--- Given records ---

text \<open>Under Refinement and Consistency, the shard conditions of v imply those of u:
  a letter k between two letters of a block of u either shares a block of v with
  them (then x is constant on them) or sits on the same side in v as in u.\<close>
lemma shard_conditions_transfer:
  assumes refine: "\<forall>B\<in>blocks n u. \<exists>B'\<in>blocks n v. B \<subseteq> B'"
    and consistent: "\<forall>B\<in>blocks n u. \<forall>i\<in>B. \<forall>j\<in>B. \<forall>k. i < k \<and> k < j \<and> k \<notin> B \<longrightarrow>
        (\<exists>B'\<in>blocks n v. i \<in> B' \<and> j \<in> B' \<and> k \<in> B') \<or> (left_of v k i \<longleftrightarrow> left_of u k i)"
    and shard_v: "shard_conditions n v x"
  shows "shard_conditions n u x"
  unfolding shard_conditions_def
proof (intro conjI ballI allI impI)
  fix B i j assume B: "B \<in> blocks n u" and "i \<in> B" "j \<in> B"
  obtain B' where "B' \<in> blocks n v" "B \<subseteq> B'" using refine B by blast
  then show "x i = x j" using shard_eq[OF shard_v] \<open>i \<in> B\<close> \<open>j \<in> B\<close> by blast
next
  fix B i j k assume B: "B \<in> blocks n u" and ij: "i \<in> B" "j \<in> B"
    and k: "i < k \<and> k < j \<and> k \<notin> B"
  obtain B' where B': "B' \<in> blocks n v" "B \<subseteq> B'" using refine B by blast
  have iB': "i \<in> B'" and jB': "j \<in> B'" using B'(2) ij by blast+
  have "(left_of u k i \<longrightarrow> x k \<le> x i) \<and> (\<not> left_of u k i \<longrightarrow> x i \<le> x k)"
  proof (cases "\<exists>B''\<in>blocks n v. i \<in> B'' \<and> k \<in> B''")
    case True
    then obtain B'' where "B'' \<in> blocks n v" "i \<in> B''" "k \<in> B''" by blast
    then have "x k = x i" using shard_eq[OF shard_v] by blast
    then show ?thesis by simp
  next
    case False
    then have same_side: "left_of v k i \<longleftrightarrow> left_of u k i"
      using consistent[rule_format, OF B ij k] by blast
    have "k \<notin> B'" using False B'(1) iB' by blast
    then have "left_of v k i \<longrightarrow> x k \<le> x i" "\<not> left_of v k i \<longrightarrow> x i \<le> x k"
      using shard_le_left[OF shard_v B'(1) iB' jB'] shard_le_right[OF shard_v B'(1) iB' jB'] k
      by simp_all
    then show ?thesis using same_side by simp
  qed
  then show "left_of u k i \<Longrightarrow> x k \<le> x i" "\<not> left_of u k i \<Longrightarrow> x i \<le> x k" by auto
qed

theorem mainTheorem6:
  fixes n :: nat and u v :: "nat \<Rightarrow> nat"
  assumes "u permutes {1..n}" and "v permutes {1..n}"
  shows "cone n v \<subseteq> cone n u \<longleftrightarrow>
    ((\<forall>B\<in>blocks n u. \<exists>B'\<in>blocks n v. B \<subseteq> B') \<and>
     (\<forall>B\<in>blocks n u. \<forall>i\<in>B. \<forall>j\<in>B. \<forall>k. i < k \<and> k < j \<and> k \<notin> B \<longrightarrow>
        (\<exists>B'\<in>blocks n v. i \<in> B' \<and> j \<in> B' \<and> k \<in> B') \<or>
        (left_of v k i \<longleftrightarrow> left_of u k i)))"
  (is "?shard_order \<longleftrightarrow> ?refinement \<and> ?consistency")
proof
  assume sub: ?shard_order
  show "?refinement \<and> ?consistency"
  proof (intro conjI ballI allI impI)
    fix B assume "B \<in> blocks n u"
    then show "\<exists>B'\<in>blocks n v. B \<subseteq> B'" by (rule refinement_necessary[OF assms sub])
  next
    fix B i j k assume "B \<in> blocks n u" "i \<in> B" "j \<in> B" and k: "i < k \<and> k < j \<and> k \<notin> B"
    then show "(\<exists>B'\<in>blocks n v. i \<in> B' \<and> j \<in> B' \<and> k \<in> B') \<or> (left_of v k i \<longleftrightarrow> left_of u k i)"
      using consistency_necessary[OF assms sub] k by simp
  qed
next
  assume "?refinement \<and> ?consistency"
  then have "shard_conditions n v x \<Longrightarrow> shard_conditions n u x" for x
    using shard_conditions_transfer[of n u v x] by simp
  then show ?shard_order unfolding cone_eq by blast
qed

---

_What needs to be done_
Give back every line of the material, exactly as written.

_Reply_
text \<open>Under Refinement and Consistency, the shard conditions of v imply those of u:
  a letter k between two letters of a block of u either shares a block of v with
  them (then x is constant on them) or sits on the same side in v as in u.\<close>
lemma shard_conditions_transfer:
  assumes refine: "\<forall>B\<in>blocks n u. \<exists>B'\<in>blocks n v. B \<subseteq> B'"
    and consistent: "\<forall>B\<in>blocks n u. \<forall>i\<in>B. \<forall>j\<in>B. \<forall>k. i < k \<and> k < j \<and> k \<notin> B \<longrightarrow>
        (\<exists>B'\<in>blocks n v. i \<in> B' \<and> j \<in> B' \<and> k \<in> B') \<or> (left_of v k i \<longleftrightarrow> left_of u k i)"
    and shard_v: "shard_conditions n v x"
  shows "shard_conditions n u x"
  unfolding shard_conditions_def
proof (intro conjI ballI allI impI)
  fix B i j assume B: "B \<in> blocks n u" and "i \<in> B" "j \<in> B"
  obtain B' where "B' \<in> blocks n v" "B \<subseteq> B'" using refine B by blast
  then show "x i = x j" using shard_eq[OF shard_v] \<open>i \<in> B\<close> \<open>j \<in> B\<close> by blast
next
  fix B i j k assume B: "B \<in> blocks n u" and ij: "i \<in> B" "j \<in> B"
    and k: "i < k \<and> k < j \<and> k \<notin> B"
  obtain B' where B': "B' \<in> blocks n v" "B \<subseteq> B'" using refine B by blast
  have iB': "i \<in> B'" and jB': "j \<in> B'" using B'(2) ij by blast+
  have "(left_of u k i \<longrightarrow> x k \<le> x i) \<and> (\<not> left_of u k i \<longrightarrow> x i \<le> x k)"
  proof (cases "\<exists>B''\<in>blocks n v. i \<in> B'' \<and> k \<in> B''")
    case True
    then obtain B'' where "B'' \<in> blocks n v" "i \<in> B''" "k \<in> B''" by blast
    then have "x k = x i" using shard_eq[OF shard_v] by blast
    then show ?thesis by simp
  next
    case False
    then have same_side: "left_of v k i \<longleftrightarrow> left_of u k i"
      using consistent[rule_format, OF B ij k] by blast
    have "k \<notin> B'" using False B'(1) iB' by blast
    then have "left_of v k i \<longrightarrow> x k \<le> x i" "\<not> left_of v k i \<longrightarrow> x i \<le> x k"
      using shard_le_left[OF shard_v B'(1) iB' jB'] shard_le_right[OF shard_v B'(1) iB' jB'] k
      by simp_all
    then show ?thesis using same_side by simp
  qed
  then show "left_of u k i \<Longrightarrow> x k \<le> x i" "\<not> left_of u k i \<Longrightarrow> x i \<le> x k" by auto
qed

theorem mainTheorem6:
  fixes n :: nat and u v :: "nat \<Rightarrow> nat"
  assumes "u permutes {1..n}" and "v permutes {1..n}"
  shows "cone n v \<subseteq> cone n u \<longleftrightarrow>
    ((\<forall>B\<in>blocks n u. \<exists>B'\<in>blocks n v. B \<subseteq> B') \<and>
     (\<forall>B\<in>blocks n u. \<forall>i\<in>B. \<forall>j\<in>B. \<forall>k. i < k \<and> k < j \<and> k \<notin> B \<longrightarrow>
        (\<exists>B'\<in>blocks n v. i \<in> B' \<and> j \<in> B' \<and> k \<in> B') \<or>
        (left_of v k i \<longleftrightarrow> left_of u k i)))"
  (is "?shard_order \<longleftrightarrow> ?refinement \<and> ?consistency")
proof
  assume sub: ?shard_order
  show "?refinement \<and> ?consistency"
  proof (intro conjI ballI allI impI)
    fix B assume "B \<in> blocks n u"
    then show "\<exists>B'\<in>blocks n v. B \<subseteq> B'" by (rule refinement_necessary[OF assms sub])
  next
    fix B i j k assume "B \<in> blocks n u" "i \<in> B" "j \<in> B" and k: "i < k \<and> k < j \<and> k \<notin> B"
    then show "(\<exists>B'\<in>blocks n v. i \<in> B' \<and> j \<in> B' \<and> k \<in> B') \<or> (left_of v k i \<longleftrightarrow> left_of u k i)"
      using consistency_necessary[OF assms sub] k by simp
  qed
next
  assume "?refinement \<and> ?consistency"
  then have "shard_conditions n v x \<Longrightarrow> shard_conditions n u x" for x
    using shard_conditions_transfer[of n u v x] by simp
  then show ?shard_order unfolding cone_eq by blast
qed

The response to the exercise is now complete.